The Business Banker’s Guide to Alternative Financing

Banker in office

Introduction: What is alternative financing?

Offering quality financing products that will attract reputable clients is key to your success as a business banker, especially during the economic turmoil brought on by recent events. As consumers are provided with more loan options from more lenders than ever before, staying competitive is essential. Alternative lending is a great way to do this.

To set yourself apart from the competition and help more business loan candidates, consider finding an alternative lending partner you can confidently refer clients to and incorporating SBA loan programs into your business.

In this guide, we’ll explore the ins-and-outs of alternative financing for business bankers, including types of loans and what to look for in an alternative lending partner.

Why offering alternative funding can help grow your clientele

As a business banker, you understand the power—and importance—that the right funding can have on the growth and success of a business.
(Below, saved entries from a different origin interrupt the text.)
text \<open>Before the orbit reaches arc q r, the extra entries of type (b) add nothing:
  whenever both alpha and beta already lie on the arc, every row outside the excluded
  range is already on the next arc.\<close>

lemma step_arc:
  assumes c: "-1 \<le> c" and s: "1 \<le> s" "s \<le> int n - 1" and before: "c < q \<or> (c = q \<and> s < r)"
  shows "step (arc c s) = arc_next c s"
proof (rule set_eqI)
  fix u
  have c_le: "c \<le> int n - 3" using before q_le by auto
  have arc_next_sub: "arc_next c s \<subseteq> {1..n}" by (auto simp: arc_next_def arc_def)
  show "u \<in> step (arc c s) \<longleftrightarrow> u \<in> arc_next c s"
  proof (cases "u \<in> {1..n}")
    case False
    then show ?thesis using arc_next_sub step_subset by blast
  next
    case u: True
    have "u \<in> arc_next c s" if "u \<notin> excluded" "alpha \<in> arc c s" "beta \<in> arc c s"
    proof -
      have "(int alpha \<le> s \<and> s - int alpha \<le> c + 1) \<or> (s < int alpha \<and> s + int n - int alpha \<le> c + 1)"
        using mem_arc[OF alpha_mem, of s c] that s by simp
      moreover have "(r \<le> s \<and> s - r \<le> c + 1) \<or> (s < r \<and> s + int n - r \<le> c + 1)"
        using mem_arc[OF beta_mem, of s c] that s int_beta by simp
      moreover have "\<not> ((r - q \<le> int u \<and> int u \<le> r + 1) \<or> r - q \<le> int u - int n)"
        using mem_excluded_iff[OF u] that by simp
      ultimately show ?thesis
        unfolding mem_arc_next[OF u s] using int_alpha c s before q_nonneg r_ge_1 r_le u q_le
        by (auto split: if_splits)
    qed
    then show ?thesis
      using mu1_preimage_arc[OF c c_le s u] u unfolding step_def by auto
  qed
qed

lemma step_arc_q_r: "step (arc q r) = {1..n}"
proof (rule set_eqI)
  fix u
  show "u \<in> step (arc q r) \<longleftrightarrow> u \<in> {1..n}"
  proof (cases "u \<in> {1..n}")
    case False
    then show ?thesis using step_subset by blast
  next
    case u: True
    have "alpha \<in> arc q r" "beta \<in> arc q r"
      using mem_arc[OF alpha_mem, of r q] mem_arc[OF beta_mem, of r q] int_alpha int_beta
        q_nonneg r_ge_1 r_le q_le by (auto split: if_splits)
    moreover have "u \<in> arc_next q r" if "u \<in> excluded"
      unfolding mem_arc_next[OF u r_ge_1 r_le] using that mem_excluded_iff[OF u] u
        q_nonneg r_ge_1 r_le q_le by (auto split: if_splits)
    ultimately show ?thesis
      using mu1_preimage_arc[of q r u] q_nonneg q_le r_ge_1 r_le u unfolding step_def by auto
  qed
qed

lemma step_full: "step {1..n} = {1..n}"
proof -
  have "u \<in> step {1..n}" if u: "u \<in> {1..n}" for u
  proof (cases "u = 1")
    case True
    then have "mu1 n u n" by (simp add: mu1_def)
    then show ?thesis using u n_ge_3 unfolding step_def by auto
  next
    case False
    then have "mu1 n u (u - 1)" and "u - 1 \<in> {1..n}" using u by (auto simp: mu1_def)
    then show ?thesis using u unfolding step_def by blast
  qed
  then show ?thesis using step_subset by blast
qed

lemma arc_ne_full:
  assumes "c \<le> q" "1 \<le> s" "s \<le> int n - 1"
  shows "arc c s \<noteq> {1..n}"
proof -
  have mem: "nat (s + 1) \<in> {1..n}" using assms by auto
  then have "nat (s + 1) \<notin> arc c s" using assms q_le mem_arc[OF mem, of s c] by auto
  with mem show ?thesis by blast
qed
You also know firsthand how difficult it can be for some businesses to meet traditional lending requirements.

When you’re unable to extend funding to a business because they don’t yet qualify, it’s important to part ways on good terms. Rather than deny their application and move on, you can connect them to a reputable alternative funding source so they can continue to meet their growth goals. If they pursue your alternative lending recommendation and qualify for the loan they need, they are more likely to return to you when they can qualify for conventional funding. 

Instead of losing out on a potential client because of lending requirements, you can help a company get on the right path while building your future business. When it comes to growing your business clientele, loyalty and goodwill go a long way. 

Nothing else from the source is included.